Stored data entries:
------------------------------------------------------------------------
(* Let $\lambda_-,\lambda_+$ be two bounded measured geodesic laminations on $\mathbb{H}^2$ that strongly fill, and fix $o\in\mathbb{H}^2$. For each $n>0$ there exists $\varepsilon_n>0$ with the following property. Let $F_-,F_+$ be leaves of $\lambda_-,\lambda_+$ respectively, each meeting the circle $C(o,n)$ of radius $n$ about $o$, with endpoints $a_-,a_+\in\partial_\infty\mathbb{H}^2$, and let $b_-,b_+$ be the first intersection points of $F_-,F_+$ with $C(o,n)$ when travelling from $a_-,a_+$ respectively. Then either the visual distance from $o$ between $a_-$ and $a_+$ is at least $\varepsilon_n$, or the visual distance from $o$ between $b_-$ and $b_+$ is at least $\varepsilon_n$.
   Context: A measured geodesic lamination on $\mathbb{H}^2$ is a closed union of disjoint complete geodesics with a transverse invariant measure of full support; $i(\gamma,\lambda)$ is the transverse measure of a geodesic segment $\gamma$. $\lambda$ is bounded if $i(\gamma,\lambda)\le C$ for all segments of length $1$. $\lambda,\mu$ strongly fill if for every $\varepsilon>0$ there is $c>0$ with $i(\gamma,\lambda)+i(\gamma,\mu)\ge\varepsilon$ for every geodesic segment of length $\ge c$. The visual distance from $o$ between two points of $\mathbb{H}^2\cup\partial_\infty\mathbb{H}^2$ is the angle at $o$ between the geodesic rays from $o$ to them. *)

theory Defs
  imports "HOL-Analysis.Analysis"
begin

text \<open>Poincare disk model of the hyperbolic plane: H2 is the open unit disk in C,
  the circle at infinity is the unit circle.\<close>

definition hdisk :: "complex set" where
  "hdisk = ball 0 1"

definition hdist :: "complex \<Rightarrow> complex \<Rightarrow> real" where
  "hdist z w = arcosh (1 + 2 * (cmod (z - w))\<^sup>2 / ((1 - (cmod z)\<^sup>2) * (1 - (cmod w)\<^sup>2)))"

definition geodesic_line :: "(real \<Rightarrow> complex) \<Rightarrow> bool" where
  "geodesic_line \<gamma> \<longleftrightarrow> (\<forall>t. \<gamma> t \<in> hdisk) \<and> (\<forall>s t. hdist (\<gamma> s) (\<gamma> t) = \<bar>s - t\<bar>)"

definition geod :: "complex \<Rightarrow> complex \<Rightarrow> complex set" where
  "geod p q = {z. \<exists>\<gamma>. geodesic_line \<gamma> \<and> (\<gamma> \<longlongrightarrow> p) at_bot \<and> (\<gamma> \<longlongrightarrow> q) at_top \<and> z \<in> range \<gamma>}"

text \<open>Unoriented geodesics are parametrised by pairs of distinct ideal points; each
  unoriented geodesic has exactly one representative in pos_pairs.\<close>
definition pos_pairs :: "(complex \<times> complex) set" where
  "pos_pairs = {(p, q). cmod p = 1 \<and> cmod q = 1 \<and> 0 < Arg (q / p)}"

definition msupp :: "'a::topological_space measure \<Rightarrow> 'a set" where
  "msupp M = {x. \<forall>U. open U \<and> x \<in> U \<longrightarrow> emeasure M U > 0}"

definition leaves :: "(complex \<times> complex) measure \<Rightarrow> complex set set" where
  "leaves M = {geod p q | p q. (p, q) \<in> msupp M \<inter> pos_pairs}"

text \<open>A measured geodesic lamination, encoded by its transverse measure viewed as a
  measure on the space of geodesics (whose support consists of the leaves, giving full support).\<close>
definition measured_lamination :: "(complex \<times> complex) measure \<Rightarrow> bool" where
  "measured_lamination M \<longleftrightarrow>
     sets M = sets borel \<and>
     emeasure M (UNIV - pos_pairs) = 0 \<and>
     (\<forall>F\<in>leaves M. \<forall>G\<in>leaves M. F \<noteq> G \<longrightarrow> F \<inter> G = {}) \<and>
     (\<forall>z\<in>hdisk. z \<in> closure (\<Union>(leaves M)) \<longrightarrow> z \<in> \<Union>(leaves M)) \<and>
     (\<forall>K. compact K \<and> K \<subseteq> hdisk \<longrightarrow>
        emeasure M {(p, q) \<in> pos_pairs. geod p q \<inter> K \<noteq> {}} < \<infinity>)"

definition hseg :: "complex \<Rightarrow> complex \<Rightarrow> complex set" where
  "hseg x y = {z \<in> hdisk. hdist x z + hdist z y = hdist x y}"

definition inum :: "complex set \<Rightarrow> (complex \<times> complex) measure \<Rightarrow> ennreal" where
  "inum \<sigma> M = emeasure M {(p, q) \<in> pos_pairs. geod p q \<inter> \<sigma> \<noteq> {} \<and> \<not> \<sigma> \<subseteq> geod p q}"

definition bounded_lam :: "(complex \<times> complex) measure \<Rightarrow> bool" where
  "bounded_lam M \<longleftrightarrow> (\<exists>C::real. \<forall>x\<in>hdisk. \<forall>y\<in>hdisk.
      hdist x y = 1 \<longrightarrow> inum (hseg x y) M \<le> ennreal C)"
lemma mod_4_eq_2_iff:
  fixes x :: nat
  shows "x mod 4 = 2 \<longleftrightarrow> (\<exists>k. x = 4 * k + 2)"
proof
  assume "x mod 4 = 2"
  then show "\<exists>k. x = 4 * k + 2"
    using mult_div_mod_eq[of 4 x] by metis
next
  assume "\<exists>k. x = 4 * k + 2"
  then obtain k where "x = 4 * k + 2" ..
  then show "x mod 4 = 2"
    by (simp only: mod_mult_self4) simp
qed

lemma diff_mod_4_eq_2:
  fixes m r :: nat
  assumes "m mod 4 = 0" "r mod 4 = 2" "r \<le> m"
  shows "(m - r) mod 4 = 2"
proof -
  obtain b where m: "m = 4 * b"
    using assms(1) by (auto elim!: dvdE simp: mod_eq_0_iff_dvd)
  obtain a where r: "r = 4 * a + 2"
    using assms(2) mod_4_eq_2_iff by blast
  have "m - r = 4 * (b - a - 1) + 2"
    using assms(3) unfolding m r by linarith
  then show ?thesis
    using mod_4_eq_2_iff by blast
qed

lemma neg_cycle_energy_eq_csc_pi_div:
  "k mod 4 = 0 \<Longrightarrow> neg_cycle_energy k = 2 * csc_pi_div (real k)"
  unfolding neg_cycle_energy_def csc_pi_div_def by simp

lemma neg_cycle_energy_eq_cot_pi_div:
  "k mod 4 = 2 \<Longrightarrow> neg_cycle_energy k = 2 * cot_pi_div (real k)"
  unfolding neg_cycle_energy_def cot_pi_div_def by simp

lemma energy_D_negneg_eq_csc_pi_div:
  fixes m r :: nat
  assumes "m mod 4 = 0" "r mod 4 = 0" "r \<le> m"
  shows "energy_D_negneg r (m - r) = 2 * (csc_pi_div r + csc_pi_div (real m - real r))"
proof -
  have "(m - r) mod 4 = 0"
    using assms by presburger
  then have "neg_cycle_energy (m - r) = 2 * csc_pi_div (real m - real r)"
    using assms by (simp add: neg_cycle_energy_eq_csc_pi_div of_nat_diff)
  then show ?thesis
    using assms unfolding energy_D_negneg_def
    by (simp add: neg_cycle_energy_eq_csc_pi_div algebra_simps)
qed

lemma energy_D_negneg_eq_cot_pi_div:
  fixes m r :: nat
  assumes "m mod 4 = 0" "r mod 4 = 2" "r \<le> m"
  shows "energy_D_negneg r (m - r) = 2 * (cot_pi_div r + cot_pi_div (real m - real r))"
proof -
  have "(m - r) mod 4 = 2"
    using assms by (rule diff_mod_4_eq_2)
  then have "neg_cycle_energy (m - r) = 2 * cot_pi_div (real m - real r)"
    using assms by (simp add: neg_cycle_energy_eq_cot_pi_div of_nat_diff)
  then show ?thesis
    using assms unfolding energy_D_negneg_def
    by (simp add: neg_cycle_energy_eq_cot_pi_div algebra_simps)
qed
------------------------------------------------------------------------
What the task requires:
Each line of the records above that holds the word "blast" should be counted, and only the final number stated.

The completed task:
2